Two-dimensional Materials Can Inhibit Aβ fibrillation in Alzheimer's Disease

Abstract

Alzheimer’s disease (AD) is a major life-limiting neurodegenerative disorder caused by extracellular aggregation of Amyloid β (Aβ) peptides. This forms amyloid plaques in the brain, resulting in dementia and even causing death. Despite great efforts towards developing therapies to cure AD, unfortunately, treatment is often ineffective. Herein, we investigate the possibility of state-of-the-art two-dimensional (2D) nanomaterials to treat AD by evaluating their potential to perturb and disrupt Aβ peptide aggregates.

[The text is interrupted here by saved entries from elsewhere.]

lemma rconj_eqI:
  assumes f: "f \<in> W" and a: "a \<noteq> 0" "a \<noteq> \<infinity>" and q: "f q \<le> a" "a < f (eSuc q)"
  shows "rconj f a = q"
proof (rule antisym)
  show "q \<le> rconj f a" using q(1) le_rconj_iff[OF f a] by simp
  have "\<not> eSuc q \<le> rconj f a" using q(2) le_rconj_iff[OF f a] by (simp add: not_le)
  then show "rconj f a \<le> q" by (simp add: not_le less_eSuc_imp_le)
qed

lemma rconj_eq_infinity: "f \<in> W \<Longrightarrow> a \<noteq> 0 \<Longrightarrow> a \<noteq> \<infinity> \<Longrightarrow> f \<infinity> \<le> a \<Longrightarrow> rconj f a = \<infinity>"
  using le_rconj_iff[of f a \<infinity>] by simp

lemma less_apply_eSuc_rconj:
  assumes f: "f \<in> W" and a: "0 < a" "a < \<infinity>" and q: "rconj f a < \<infinity>"
  shows "a < f (eSuc (rconj f a))"
proof (rule ccontr)
  assume "\<not> a < f (eSuc (rconj f a))"
  then have "eSuc (rconj f a) \<le> rconj f a" using le_rconj_iff[OF f] a by simp
  then show False using q by (cases "rconj f a") (auto simp: eSuc_enat)
qed

lemma le_rconj_infinity:
  assumes f: "f \<in> W" and "f q \<noteq> \<infinity>"
  shows "q \<le> rconj f \<infinity>"
proof -
  have "q \<le> rconj f (max (f q) 1)"
    using assms by (subst le_rconj_iff[OF f]) (auto simp: max_def one_enat_def zero_enat_def)
  also have "\<dots> \<le> rconj f \<infinity>" by (rule rconj_mono) simp
  finally show ?thesis .
qed

lemma rconj_infinity_le:
  assumes f: "f \<in> W" and "f (eSuc q) = \<infinity>"
  shows "rconj f \<infinity> \<le> q"
proof -
  have "\<not> eSuc q \<le> rconj f (enat n)" for n
  proof
    assume "eSuc q \<le> rconj f (enat n)"
    then have "f (eSuc q) \<le> enat n" using W_monoD[OF f] rconj_cancel[OF f] order_trans by blast
    then show False using assms(2) by simp
  qed
  then have "rconj f (enat n) \<le> q" for n by (simp add: not_le less_eSuc_imp_le)
  then show ?thesis using W_infinity[OF rconj_in_W, of f] by (simp add: SUP_le_iff)
qed

lemma apply_eSuc_rconj_infinity:
  assumes f: "f \<in> W" and "rconj f \<infinity> \<noteq> \<infinity>"
  shows "f (eSuc (rconj f \<infinity>)) = \<infinity>"
proof (rule ccontr)
  assume "f (eSuc (rconj f \<infinity>)) \<noteq> \<infinity>"
  then have "eSuc (rconj f \<infinity>) \<le> rconj f \<infinity>" by (rule le_rconj_infinity[OF f])
  then show False using assms(2) by (cases "rconj f \<infinity>") (auto simp: eSuc_enat)
qed

lemma last_point_eq_infinity_if_rconj:
  assumes f: "f \<in> W" and rf: "last_point (rconj f) = \<infinity>"
  shows "last_point f = \<infinity>"
proof (rule ccontr)
  assume "last_point f \<noteq> \<infinity>"
  then obtain m where m: "f (enat m) = f \<infinity>" unfolding last_point_eq_infinity_iff by blast
  obtain n where "rconj f (enat n) = rconj f \<infinity>"
  proof (cases "f \<infinity> = \<infinity>")
    case True
    have "f (eSuc (enat m)) = \<infinity>" using W_monoD[OF f, of "enat m" "eSuc (enat m)"] m True by simp
    then have "rconj f \<infinity> \<le> enat m" by (rule rconj_infinity_le[OF f])
    then have "rconj f \<infinity> \<noteq> \<infinity>" by (cases "rconj f \<infinity>") auto
    then show ?thesis using that W_attains_finite_limit[OF rconj_in_W] by blast
  next
    case False
    then obtain c where c: "f \<infinity> = enat c" by auto
    have "rconj f (enat (Suc c)) = \<infinity>"
      using c by (intro rconj_eq_infinity[OF f]) (auto simp: zero_enat_def)
    moreover have "rconj f (enat (Suc c)) \<le> rconj f \<infinity>" by (rule rconj_mono) simp
    ultimately show ?thesis using that[of "Suc c"] by simp
  qed
  then show False using rf last_point_eq_infinity_iff by blast
qed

The adsorption mechanism for a pre-formed Aβ fibril is carefully studied on five 2D materials, namely graphene, hexagonal boron nitride (h-BN), h2D-C2N, g-C3N3, and g-C3N4. They are screened for their disrupting effects on the peptide aggregate. It is found that disruption of the Aβ fibril is directly related to the strength its adsorption on the 2D material, which in turn is dominated by the van der Waals interactions. h-BN shows a profound disruption of the Aβ fibril followed by graphene. The nitrogen-containing carbon-based 2D materials, h2D-C2N, g-C3N3, and g-C3N4, are found to be rather poor in this aspect. Structural disruption parameter, ρd is proposed as an index to rank the potency of 2D materials to inhibit Aβ fibrillation. h-BN and graphene are shown to be highly potent towards the disruption of misfolded protein aggregates like Aβ fibrils.